Records contained in a dataset
lemma tnorm_product_le:
  assumes T: "tnorm T"
    and "a \<in> {0..1}" "b \<in> {0..1}" "c \<in> {0..1}" "d \<in> {0..1}" "e \<in> {0..1}" "f \<in> {0..1}"
    and "T a b \<le> e" "T c d \<le> f"
  shows "T (T a c) (T b d) \<le> T e f"
proof -
  have "T (T a c) (T b d) = T (T a b) (T c d)"
    using assms by (simp add: tnorm_rearrange)
  also have "\<dots> \<le> T e f"
    using assms by (intro tnorm_mono[OF T] tnorm_range[OF T])
  finally show ?thesis .
qed

fun rename_atom :: "(nat \<Rightarrow> nat) \<Rightarrow> 'b atom \<Rightarrow> 'b atom" where
  "rename_atom f (V n \<tau>) = V (f n) \<tau>"
| "rename_atom f (C n \<tau>) = C n \<tau>"

fun rename :: "(nat \<Rightarrow> nat) \<Rightarrow> 'b trm \<Rightarrow> 'b trm" where
  "rename f (Bd i) = Bd i"
| "rename f (At a) = At (rename_atom f a)"
| "rename f (App t s) = App (rename f t) (rename f s)"
| "rename f (Abs \<sigma> t) = Abs \<sigma> (rename f t)"

fun fvars :: "'b trm \<Rightarrow> nat set" where
  "fvars (Bd i) = {}"
| "fvars (At (V n \<tau>)) = {n}"
| "fvars (At (C n \<tau>)) = {}"
| "fvars (App t s) = fvars t \<union> fvars s"
| "fvars (Abs \<sigma> t) = fvars t"

lemma tsize_rename [simp]: "tsize (rename f t) = tsize t"
  by (induction t) auto

lemma rename_open_rec: "rename f (open_rec k z t) = open_rec k (rename_atom f z) (rename f t)"
  by (induction t arbitrary: k) auto

lemma fvars_rename: "fvars (rename f t) = f ` fvars t"
proof (induction t)
  case (At a) then show ?case by (cases a) auto
qed auto

lemma rename_fixing_fvars: "(\<And>n. n \<in> fvars t \<Longrightarrow> f n = n) \<Longrightarrow> rename f t = t"
proof (induction t)
  case (At a) then show ?case by (cases a) auto
qed auto

lemma rename_transpose_fresh: "a \<notin> fvars t \<Longrightarrow> b \<notin> fvars t \<Longrightarrow> rename (transpose a b) t = t"
  by (metis rename_fixing_fvars transpose_apply_other)

lemma fvars_le_maxv: "n \<in> fvars t \<Longrightarrow> n \<le> maxv t"
proof (induction t)
  case (At a) then show ?case by (cases a) auto
qed auto

lemma fresh_notin_fvars: "fresh t s \<notin> fvars t" "fresh t s \<notin> fvars s"
  using fvars_le_maxv unfolding fresh_def by fastforce+

lemma rename_atom_invariant:
  assumes refl: "\<And>x. RA x x = 1"
    and var_var: "\<And>x y. is_var x \<Longrightarrow> is_var y \<Longrightarrow> x \<noteq> y \<Longrightarrow> RA x y = 0"
    and var_const: "\<And>x f. is_var x \<Longrightarrow> \<not> is_var f \<Longrightarrow> RA x f = 0 \<and> RA f x = 0"
    and "inj f"
  shows "RA (rename_atom f x) (rename_atom f y) = RA x y"
proof -
  have is_var_rename: "is_var (rename_atom f z) = is_var z" for z
    by (cases z) auto
  have rename_const: "rename_atom f z = z" if "\<not> is_var z" for z
    using that by (cases z) auto
  have rename_eq_iff: "rename_atom f x = rename_atom f y \<longleftrightarrow> x = y"
    using \<open>inj f\<close> by (cases x; cases y) (auto dest: injD)
  consider "is_var x" "is_var y" | "\<not> is_var x" "\<not> is_var y" | "is_var x \<noteq> is_var y"
    by blast
  then show ?thesis
  proof cases
    case 1
    then show ?thesis
      using is_var_rename rename_eq_iff refl var_var by metis
  next
    case 2
    then show ?thesis
      by (simp add: rename_const)
  next
    case 3
    then show ?thesis
      using is_var_rename var_const by metis
  qed
qed
(* Let $A^+,A^-\in\mathbb{R}_{\max}^{m\times n}$, $C\in\mathbb{R}_{\max}^{p\times n}$, $\mu^+\in\mathbb{Z}_{\ge0}^p$, $\mu^-\in\mathbb{Z}_{\ge0}^n$ satisfy the standing assumptions below, and let $f$ and $S$ be as defined below. If $x\in S\cap\mathbb{R}^n$ is not a local optimum, then there exist $J\subset[n]$ and $\delta'>0$ such that $x+\delta\chi_J\in S$ and $f(x+\delta\chi_J)<f(x)$ for all $0<\delta<\delta'$.
   Context: $\mathbb{R}_{\max}=\mathbb{R}\cup\{-\infty\}$, $[n]=\{1,\dots,n\}$, and $\chi_J\in\{0,1\}^n$ is the indicator vector of $J$. Write $A^\pm=(a^\pm_{i,j})$, $C=(c_{k,j})$, and $A=(a_{i,j})$ with $a_{i,j}=\max(a^+_{i,j},a^-_{i,j})$. The objective is $f(x)=\sum_{k=1}^p\mu^+_k\max_{j\in[n]}(c_{k,j}+x_j)-\sum_{j=1}^n\mu^-_jx_j$, and the feasible set is $S=\{x\in\mathbb{R}_{\max}^n:\max_j(a^+_{i,j}+x_j)\ge\max_j(a^-_{i,j}+x_j)\text{ for all }i\in[m]\}$. Standing assumptions: every row of $A$ and of $C$ contains a finite entry; $\sum_{k}\mu^+_k=\sum_j\mu^-_j$; the undirected graph with vertex set $\{u_1,\dots,u_p\}\cup[n]\cup\{w_1,\dots,w_m\}$ and edges $\{u_k,j\}$ for $c_{k,j}\ne-\infty$ and $\{w_i,j\}$ for $a_{i,j}\ne-\infty$ is connected. A point $x\in S\cap\mathbb{R}^n$ is a local optimum if there is $\delta>0$ such that $f(y)\ge f(x)$ for all $y\in S\cap\mathbb{R}^n$ with $\max_j|x_j-y_j|<\delta$. *)

theory Defs
  imports "HOL-Analysis.Analysis" "HOL-Library.Extended_Real"
begin

text \<open>Tropical (max-plus) data: elements of R_max = R \<union> {-\<infinity>} are represented as
  extended reals different from +\<infinity>. Matrices are functions nat \<Rightarrow> nat \<Rightarrow> ereal,
  indices 0..<m, 0..<n, 0..<p (0-based instead of 1-based). Real vectors are nat \<Rightarrow> real,
  only coordinates j < n matter.\<close>

definition in_Rmax :: "ereal \<Rightarrow> bool" where
  "in_Rmax a \<longleftrightarrow> a \<noteq> PInfty"

definition trow :: "nat \<Rightarrow> (nat \<Rightarrow> nat \<Rightarrow> ereal) \<Rightarrow> nat \<Rightarrow> (nat \<Rightarrow> real) \<Rightarrow> ereal" where
  "trow n M i x = Max ((\<lambda>j. M i j + ereal (x j)) ` {..<n})"

definition inS :: "nat \<Rightarrow> nat \<Rightarrow> (nat \<Rightarrow> nat \<Rightarrow> ereal) \<Rightarrow> (nat \<Rightarrow> nat \<Rightarrow> ereal)
    \<Rightarrow> (nat \<Rightarrow> real) \<Rightarrow> bool" where
  "inS m n Ap Am x \<longleftrightarrow> (\<forall>i<m. trow n Ap i x \<ge> trow n Am i x)"

definition fobj :: "nat \<Rightarrow> nat \<Rightarrow> (nat \<Rightarrow> nat \<Rightarrow> ereal) \<Rightarrow> (nat \<Rightarrow> nat) \<Rightarrow> (nat \<Rightarrow> nat)
    \<Rightarrow> (nat \<Rightarrow> real) \<Rightarrow> ereal" where
  "fobj p n C mup mum x =
     (\<Sum>k<p. ereal (real (mup k)) * trow n C k x) - ereal (\<Sum>j<n. real (mum j) * x j)"

definition Amax :: "(nat \<Rightarrow> nat \<Rightarrow> ereal) \<Rightarrow> (nat \<Rightarrow> nat \<Rightarrow> ereal) \<Rightarrow> nat \<Rightarrow> nat \<Rightarrow> ereal" where
  "Amax Ap Am i j = max (Ap i j) (Am i j)"

text \<open>The bipartite graph: vertices Inl (Inl k) = u_k (k<p), Inl (Inr j) = j (j<n),
  Inr i = w_i (i<m).\<close>
definition gvert :: "nat \<Rightarrow> nat \<Rightarrow> nat \<Rightarrow> ((nat + nat) + nat) set" where
  "gvert m n p = (Inl \<circ> Inl) ` {..<p} \<union> (Inl \<circ> Inr) ` {..<n} \<union> Inr ` {..<m}"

> **ASSIGNMENT**: Above are some records. Copy each of their lines that holds the string "Amax".

> **SOLUTION TO THIS TASK**:
definition Amax :: "(nat \<Rightarrow> nat \<Rightarrow> ereal) \<Rightarrow> (nat \<Rightarrow> nat \<Rightarrow> ereal) \<Rightarrow> nat \<Rightarrow> nat \<Rightarrow> ereal" where
  "Amax Ap Am i j = max (Ap i j) (Am i j)"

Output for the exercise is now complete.